つかさ、準決勝試合内容。






モチベーションが上がらず、「ボクシングを辞める」とも言っていた つかさに、「今度の試合に出てから決めよう」と勧めた。
それに対し、首を縦に振った つかさの素直さに救いを感じていた。言って分からない子じゃないし、決して悪い子でもない。
そんな理由で、この半年ほど、まともに練習をしてきていなかった つかさ。 試合に出ると決めてからの減量が間に合わず、以前優勝した階級を捨て、一つ上の階級にも上げた。
それでも今日の試合、勝つ自信はあると言っていた。
僕も十分に勝てる相手と感じたが、パンチを効かせてチャンスを作っても、更に踏み込む気力と体力がなく、あとが続かない。
自分を信じる、自分の努力を信じる、と書いて「自信」。

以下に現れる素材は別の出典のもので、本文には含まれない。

lemma norm_x_Suc_sq_minus_le: "cmod (x (Suc n) ^ 2 - x n * zinf) \<le> 3 * C * sqrt C * s n"
proof -
  have split: "x (Suc n) ^ 2 - x n * zinf
      = (x (Suc n) - a n * c n) * (x (Suc n) + a n * c n) + x n * (z n - zinf)"
    by (simp add: roots_sq(1,3)[symmetric] algebra_simps power2_eq_square)
  have "cmod (x (Suc n) ^ 2 - x n * zinf)
      \<le> cmod (x (Suc n) - a n * c n) * cmod (x (Suc n) + a n * c n) + cmod (x n) * cmod (z n - zinf)"
    unfolding split
    using norm_triangle_ineq[of "(x (Suc n) - a n * c n) * (x (Suc n) + a n * c n)" "x n * (z n - zinf)"]
    by (simp add: norm_mult)
  also have "\<dots> \<le> (sqrt C * s n / 2) * (2 * C) + C * (2 * sqrt C * g n)"
    using norm_x_Suc_minus_ac_le norm_x_Suc_plus_ac_le norm_z_minus_zinf_le upper[of n]
      s_nonneg[of n] g_nonneg[of n] C_pos
    by (intro add_mono mult_mono) auto
  also have "\<dots> \<le> 3 * C * sqrt C * s n"
    using C_pos h_nonneg[of n] by (simp add: s_def algebra_simps)
  finally show ?thesis .
qed

lemma norm_w_le: "cmod (w n) \<le> K * s n"
proof -
  have "w n = (x (Suc n) ^ 2 - x n * zinf) / (x n * zinf)"
    using x_nonzero[of n] zinf_nonzero by (simp add: w_def field_simps)
  then have "cmod (w n) = cmod (x (Suc n) ^ 2 - x n * zinf) / (cmod (x n) * cmod zinf)"
    by (simp add: norm_divide norm_mult)
  also have "\<dots> \<le> 3 * C * sqrt C * s n / (\<epsilon> * cmod zinf)"
    using norm_x_Suc_sq_minus_le[of n] lower[of n] \<epsilon>_pos zinf_nonzero C_pos s_nonneg[of n]
    by (intro frac_le mult_mono) auto
  finally show ?thesis
    by (simp add: K_def)
qed
lemma upper_dini_finite:
  assumes x: "x \<in> I" shows "\<exists>C. \<not> frequently_steeper g x C"
proof (rule ccontr)
  obtain C where C: "\<not> frequently_steeper g (1/2) C" using upper_dini_half_finite by blast
  assume "\<nexists>C. \<not> frequently_steeper g x C"
  then have "frequently_steeper g (1/2) C"
    using steeper_to_half[OF x, of "(C + 1) * diag_slope x" C]
      diag_slope_pos_and_reflect_derivative(1)[OF x]
    by simp
  with C show False by contradiction
qed

lemma uniform_right_slope_bound:
  assumes y: "y \<in> I"
  obtains N0 where "\<And>N h. N0 \<le> N \<Longrightarrow> 0 < h \<Longrightarrow> h \<le> 1 / N \<Longrightarrow> g (y + h) - g y \<le> N * h"
proof -
  obtain K where "\<not> frequently_steeper g y K" using upper_dini_finite[OF y] by blast
  then obtain b where "b > y" and b: "\<And>z. y < z \<Longrightarrow> z < b \<Longrightarrow> g z - g y \<le> K * (z - y)"
    by (auto simp: not_frequently_steeper eventually_at_right_field)
  show ?thesis
  proof
    fix N h :: real
    assume N: "max K (1 / (b - y)) + 1 \<le> N" and h: "0 < h" "h \<le> 1 / N"
    have "1 / (b - y) \<le> max K (1 / (b - y))" by simp
    with N have inv_lt: "1 / (b - y) < N" by linarith
    moreover have "0 < 1 / (b - y)" using \<open>b > y\<close> by simp
    ultimately have "0 < N" by linarith
    with inv_lt have "1 / N < b - y" using \<open>b > y\<close> by (simp add: field_simps)
    then have "g (y + h) - g y \<le> K * h" using b[of "y + h"] h by simp
    also have "\<dots> \<le> N * h" using N h by (intro mult_right_mono) auto
    finally show "g (y + h) - g y \<le> N * h" .
  qed
qed

lemma lipschitz_on_some_interval: "\<exists>\<alpha> \<beta> L. 0 < \<alpha> \<and> \<alpha> < \<beta> \<and> \<beta> < 1 \<and> L-lipschitz_on {\<alpha>..\<beta>} g"
proof -
  define N where "N n = real n + 5" for n :: nat
  define C where "C n = {y \<in> {1/4..3/4}. \<forall>h\<in>{0<..1 / N n}. g (y + h) - g y \<le> N n * h}" for n
  have "closed (C n)" for n
  proof -
    have "1 / N n \<le> 1/5" by (simp add: N_def field_simps)
    then have "{1/4..3/4 + 1 / N n} \<subseteq> I" by auto
    then show ?thesis
      unfolding C_def by (intro closed_right_slope_bounded continuous_on_subset[OF g_cont])
  qed
  moreover have "{1/4..3/4} \<subseteq> (\<Union>n. C n)"
  proof
    fix y :: real assume y: "y \<in> {1/4..3/4}"
    then obtain N0 where N0: "\<And>N h. N0 \<le> N \<Longrightarrow> 0 < h \<Longrightarrow> h \<le> 1 / N \<Longrightarrow> g (y + h) - g y \<le> N * h"
      using uniform_right_slope_bound[of y] by force
    obtain n where "N0 \<le> real n" using real_arch_simple by blast
    then have "y \<in> C n" using y N0[of "N n"] by (auto simp: C_def N_def)
    then show "y \<in> (\<Union>n. C n)" by blast
  qed
  ultimately obtain n \<alpha> \<beta> where \<alpha>\<beta>: "1/4 \<le> \<alpha>" "\<alpha> < \<beta>" "\<beta> \<le> 3/4" "{\<alpha>..\<beta>} \<subseteq> C n"
    using closed_cover_interval_contains_interval[of "1/4" "3/4" C] by auto
  \<comment> \<open>shrinking to length at most \<open>1 / N n\<close> turns the one-sided step bound into a Lipschitz bound\<close>
  define \<beta>' where "\<beta>' = min \<beta> (\<alpha> + 1 / N n)"
  have slope: "g v - g u \<le> N n * (v - u)" if "\<alpha> \<le> u" "u < v" "v \<le> \<beta>'" for u v
    using that \<alpha>\<beta>(4) subsetD[OF \<alpha>\<beta>(4), of u] unfolding C_def \<beta>'_def
    by (auto dest!: bspec[of _ _ "v - u"])
  have "(N n)-lipschitz_on {\<alpha>..\<beta>'} g"
  proof (rule lipschitz_onI)
    fix u v assume uv: "u \<in> {\<alpha>..\<beta>'}" "v \<in> {\<alpha>..\<beta>'}"
    moreover have "{\<alpha>..\<beta>'} \<subseteq> I" using \<alpha>\<beta> by (auto simp: \<beta>'_def)
    ultimately have "u \<in> I" "v \<in> I" by auto
    then show "dist (g u) (g v) \<le> N n * dist u v"
      using uv slope[of u v] slope[of v u] g_less_iff[of u v] g_less_iff[of v u]
      by (cases u v rule: linorder_cases) (auto simp: dist_real_def abs_if)
  qed (simp add: N_def)
  moreover have "\<alpha> < \<beta>'" using \<alpha>\<beta> by (simp add: \<beta>'_def N_def)
  ultimately show ?thesis using \<alpha>\<beta> by (intro exI[of _ \<alpha>] exI[of _ \<beta>'] exI[of _ "N n"]) (auto simp: \<beta>'_def)
qed

lemma frequently_flatter_imp_pos:
  assumes x: "x \<in> I" and "frequently_flatter g x a" shows "a > 0"
proof -
  have "\<forall>\<^sub>F y in at_right x. x < y \<and> y \<in> I"
    using eventually_at_right_less eventually_at_right_in_I[OF x] by (rule eventually_conj)
  with assms(2) obtain y where "g y - g x < a * (y - x)" "x < y" "y \<in> I"
    unfolding frequently_flatter_def
    by (metis (mono_tags, lifting) frequently_eventually_frequently frequently_ex)
  moreover have "g x < g y" using calculation x g_less_iff by blast
  ultimately have "0 < a * (y - x)" "0 < y - x" by simp_all
  then show ?thesis by (simp add: zero_less_mult_iff)
qed

lemma bdd_above_diag_slope_if_lipschitz:
  assumes steep: "frequently_steeper g (1/2) b" and "b > 0"
    and lip: "L-lipschitz_on {\<alpha>..\<beta>} g" and sub: "{\<alpha>..<\<beta>} \<subseteq> I"
  shows "bdd_above (diag_slope ` {\<alpha>..<\<beta>})"
proof -
  have "b * diag_slope x \<le> L" if x: "x \<in> {\<alpha>..<\<beta>}" for x
    using steeper_from_half[OF subsetD[OF sub x] steep, of L]
      lipschitz_on_imp_not_frequently_steeper[OF lip x]
    by force
  then show ?thesis
    using \<open>b > 0\<close> by (intro bdd_aboveI2[of _ _ "L / b"]) (simp add: field_simps)
qed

その自信が今日のつかさには無かった。
試合後に大きく顔を腫らした つかさが僕に言った。
      「やっぱり練習せんとダメですね」
      「それが分かればいい」 と つかさに言った。
資質や才能は高いが、情熱が強く沸かない つかさ。
この先、つかさがボクシングを続けるかどうかはまだ分からない。それでも、今日の試合では神様がつかさを殴っているように僕は感じた。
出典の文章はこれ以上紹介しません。